- PROBLEM TO SOLVE -
When you find the word "locale" in a line of the entries, please copy the whole line.

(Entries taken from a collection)
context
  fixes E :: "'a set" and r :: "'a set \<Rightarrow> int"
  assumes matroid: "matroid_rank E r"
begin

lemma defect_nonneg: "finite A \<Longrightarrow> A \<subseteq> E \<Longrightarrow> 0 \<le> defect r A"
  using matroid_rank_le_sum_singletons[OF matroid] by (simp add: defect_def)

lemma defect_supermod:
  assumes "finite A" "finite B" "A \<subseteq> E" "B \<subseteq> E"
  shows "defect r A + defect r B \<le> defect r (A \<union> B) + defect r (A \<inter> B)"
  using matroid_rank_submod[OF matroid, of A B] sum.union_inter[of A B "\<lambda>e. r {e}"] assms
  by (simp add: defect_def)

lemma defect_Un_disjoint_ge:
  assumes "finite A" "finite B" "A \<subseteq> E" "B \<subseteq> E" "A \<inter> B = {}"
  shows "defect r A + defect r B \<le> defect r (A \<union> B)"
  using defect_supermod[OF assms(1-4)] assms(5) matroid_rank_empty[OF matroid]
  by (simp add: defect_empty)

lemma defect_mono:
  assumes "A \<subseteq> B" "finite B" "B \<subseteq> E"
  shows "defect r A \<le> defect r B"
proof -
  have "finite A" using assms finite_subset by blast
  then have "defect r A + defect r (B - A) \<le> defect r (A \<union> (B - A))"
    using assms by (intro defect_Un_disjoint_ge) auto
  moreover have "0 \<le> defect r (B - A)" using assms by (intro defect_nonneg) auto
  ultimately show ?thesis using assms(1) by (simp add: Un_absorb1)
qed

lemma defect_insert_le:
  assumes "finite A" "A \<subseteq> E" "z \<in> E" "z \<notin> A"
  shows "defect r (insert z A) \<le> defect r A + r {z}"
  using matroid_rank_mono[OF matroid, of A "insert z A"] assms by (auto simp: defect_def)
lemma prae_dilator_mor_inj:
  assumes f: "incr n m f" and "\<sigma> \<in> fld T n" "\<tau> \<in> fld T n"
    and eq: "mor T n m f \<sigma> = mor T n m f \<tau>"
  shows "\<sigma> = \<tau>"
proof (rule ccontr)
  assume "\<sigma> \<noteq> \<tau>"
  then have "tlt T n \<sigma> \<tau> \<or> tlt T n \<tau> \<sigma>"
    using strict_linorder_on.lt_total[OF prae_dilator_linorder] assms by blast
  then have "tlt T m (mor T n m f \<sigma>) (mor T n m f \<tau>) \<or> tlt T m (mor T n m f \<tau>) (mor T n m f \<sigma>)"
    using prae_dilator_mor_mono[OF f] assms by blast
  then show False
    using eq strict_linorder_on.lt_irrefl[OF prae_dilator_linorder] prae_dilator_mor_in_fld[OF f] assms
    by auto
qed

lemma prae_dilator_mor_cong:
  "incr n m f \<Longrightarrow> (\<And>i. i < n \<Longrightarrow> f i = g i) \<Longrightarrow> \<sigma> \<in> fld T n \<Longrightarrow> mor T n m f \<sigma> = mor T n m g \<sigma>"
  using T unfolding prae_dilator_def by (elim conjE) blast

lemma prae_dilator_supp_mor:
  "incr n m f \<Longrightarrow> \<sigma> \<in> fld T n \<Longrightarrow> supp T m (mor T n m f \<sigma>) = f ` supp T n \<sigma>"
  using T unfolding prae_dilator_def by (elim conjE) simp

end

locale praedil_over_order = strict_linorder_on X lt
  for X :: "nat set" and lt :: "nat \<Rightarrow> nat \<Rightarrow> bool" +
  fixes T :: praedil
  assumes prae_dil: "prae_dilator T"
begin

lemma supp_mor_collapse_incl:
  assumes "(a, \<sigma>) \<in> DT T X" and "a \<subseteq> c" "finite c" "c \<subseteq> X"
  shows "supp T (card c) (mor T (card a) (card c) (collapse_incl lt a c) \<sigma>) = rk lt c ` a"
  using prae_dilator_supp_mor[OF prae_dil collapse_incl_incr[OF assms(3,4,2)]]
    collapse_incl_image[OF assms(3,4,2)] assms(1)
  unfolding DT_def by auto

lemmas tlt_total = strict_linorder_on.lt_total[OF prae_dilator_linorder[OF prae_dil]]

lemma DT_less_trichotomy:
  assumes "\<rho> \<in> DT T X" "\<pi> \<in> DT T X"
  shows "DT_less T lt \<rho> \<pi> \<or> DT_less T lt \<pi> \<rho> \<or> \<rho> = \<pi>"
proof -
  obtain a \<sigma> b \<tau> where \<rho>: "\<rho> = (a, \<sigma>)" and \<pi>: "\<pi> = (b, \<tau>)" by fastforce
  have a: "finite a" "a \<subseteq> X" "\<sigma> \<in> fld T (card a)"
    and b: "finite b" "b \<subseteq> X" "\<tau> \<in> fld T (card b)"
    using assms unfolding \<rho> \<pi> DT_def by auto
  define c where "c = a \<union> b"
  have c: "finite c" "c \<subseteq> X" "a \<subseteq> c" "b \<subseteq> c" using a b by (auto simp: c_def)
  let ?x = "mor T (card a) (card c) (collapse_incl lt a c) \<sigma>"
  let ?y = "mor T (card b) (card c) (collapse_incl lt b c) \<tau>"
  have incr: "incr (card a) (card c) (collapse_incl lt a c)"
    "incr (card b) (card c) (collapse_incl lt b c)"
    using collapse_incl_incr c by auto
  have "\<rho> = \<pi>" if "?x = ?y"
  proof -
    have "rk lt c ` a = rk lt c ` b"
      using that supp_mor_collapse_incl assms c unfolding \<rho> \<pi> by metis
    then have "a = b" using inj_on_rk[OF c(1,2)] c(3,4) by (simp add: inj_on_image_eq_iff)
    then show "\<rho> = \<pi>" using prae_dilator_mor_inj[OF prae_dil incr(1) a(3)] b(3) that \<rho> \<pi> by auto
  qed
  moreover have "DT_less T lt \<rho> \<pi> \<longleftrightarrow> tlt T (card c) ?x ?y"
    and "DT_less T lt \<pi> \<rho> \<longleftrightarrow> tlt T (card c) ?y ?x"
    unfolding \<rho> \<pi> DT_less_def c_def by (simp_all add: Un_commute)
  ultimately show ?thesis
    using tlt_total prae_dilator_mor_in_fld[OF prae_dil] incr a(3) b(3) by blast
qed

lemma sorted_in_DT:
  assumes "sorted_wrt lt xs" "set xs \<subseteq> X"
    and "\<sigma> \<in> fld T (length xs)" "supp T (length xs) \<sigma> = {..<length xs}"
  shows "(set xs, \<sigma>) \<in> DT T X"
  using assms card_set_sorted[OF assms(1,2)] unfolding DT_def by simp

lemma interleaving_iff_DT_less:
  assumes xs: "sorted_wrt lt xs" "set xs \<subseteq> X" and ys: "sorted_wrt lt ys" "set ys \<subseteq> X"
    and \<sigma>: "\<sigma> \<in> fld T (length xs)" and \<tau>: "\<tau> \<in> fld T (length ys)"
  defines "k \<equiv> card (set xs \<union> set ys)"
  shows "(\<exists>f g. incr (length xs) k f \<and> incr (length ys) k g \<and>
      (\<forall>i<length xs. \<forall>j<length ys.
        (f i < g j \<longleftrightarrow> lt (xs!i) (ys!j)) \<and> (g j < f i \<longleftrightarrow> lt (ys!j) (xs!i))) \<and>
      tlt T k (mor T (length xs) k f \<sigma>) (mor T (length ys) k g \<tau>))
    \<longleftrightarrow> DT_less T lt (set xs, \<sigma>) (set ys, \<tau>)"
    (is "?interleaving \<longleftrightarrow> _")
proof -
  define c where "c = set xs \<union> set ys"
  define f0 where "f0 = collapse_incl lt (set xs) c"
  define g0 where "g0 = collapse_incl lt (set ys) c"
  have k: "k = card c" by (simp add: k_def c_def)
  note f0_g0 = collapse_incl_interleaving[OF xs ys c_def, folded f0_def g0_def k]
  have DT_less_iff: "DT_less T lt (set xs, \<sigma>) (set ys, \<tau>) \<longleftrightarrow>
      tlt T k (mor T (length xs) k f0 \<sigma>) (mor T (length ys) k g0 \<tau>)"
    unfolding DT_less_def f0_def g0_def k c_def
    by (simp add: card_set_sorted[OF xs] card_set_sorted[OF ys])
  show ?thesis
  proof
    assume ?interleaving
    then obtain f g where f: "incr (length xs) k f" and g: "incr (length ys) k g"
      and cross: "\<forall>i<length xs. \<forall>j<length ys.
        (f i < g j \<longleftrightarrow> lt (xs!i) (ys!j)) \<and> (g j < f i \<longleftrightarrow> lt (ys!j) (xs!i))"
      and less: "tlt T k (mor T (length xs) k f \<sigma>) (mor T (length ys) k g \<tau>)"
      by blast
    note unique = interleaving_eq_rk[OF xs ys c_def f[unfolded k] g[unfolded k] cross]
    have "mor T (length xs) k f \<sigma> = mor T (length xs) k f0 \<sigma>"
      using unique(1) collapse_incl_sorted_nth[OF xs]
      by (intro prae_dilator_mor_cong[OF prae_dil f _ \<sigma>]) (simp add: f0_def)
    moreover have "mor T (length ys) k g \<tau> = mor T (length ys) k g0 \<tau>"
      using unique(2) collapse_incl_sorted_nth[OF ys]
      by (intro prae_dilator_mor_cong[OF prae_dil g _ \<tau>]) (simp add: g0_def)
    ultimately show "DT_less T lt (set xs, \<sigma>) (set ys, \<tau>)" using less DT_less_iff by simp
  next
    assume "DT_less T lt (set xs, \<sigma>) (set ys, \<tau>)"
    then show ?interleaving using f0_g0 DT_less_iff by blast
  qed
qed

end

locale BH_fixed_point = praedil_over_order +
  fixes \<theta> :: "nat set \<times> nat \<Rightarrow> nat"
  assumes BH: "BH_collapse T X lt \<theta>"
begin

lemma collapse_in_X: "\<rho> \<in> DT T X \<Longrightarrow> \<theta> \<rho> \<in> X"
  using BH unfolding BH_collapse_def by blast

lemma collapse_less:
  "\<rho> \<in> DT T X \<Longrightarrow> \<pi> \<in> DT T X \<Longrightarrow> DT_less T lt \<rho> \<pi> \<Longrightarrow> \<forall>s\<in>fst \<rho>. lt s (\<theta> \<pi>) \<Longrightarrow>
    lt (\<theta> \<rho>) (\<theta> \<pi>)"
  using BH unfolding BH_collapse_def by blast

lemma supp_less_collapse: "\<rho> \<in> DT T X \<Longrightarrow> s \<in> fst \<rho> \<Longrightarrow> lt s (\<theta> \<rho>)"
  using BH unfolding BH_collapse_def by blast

- RESULT FOR THIS EXERCISE -
locale praedil_over_order = strict_linorder_on X lt
locale BH_fixed_point = praedil_over_order +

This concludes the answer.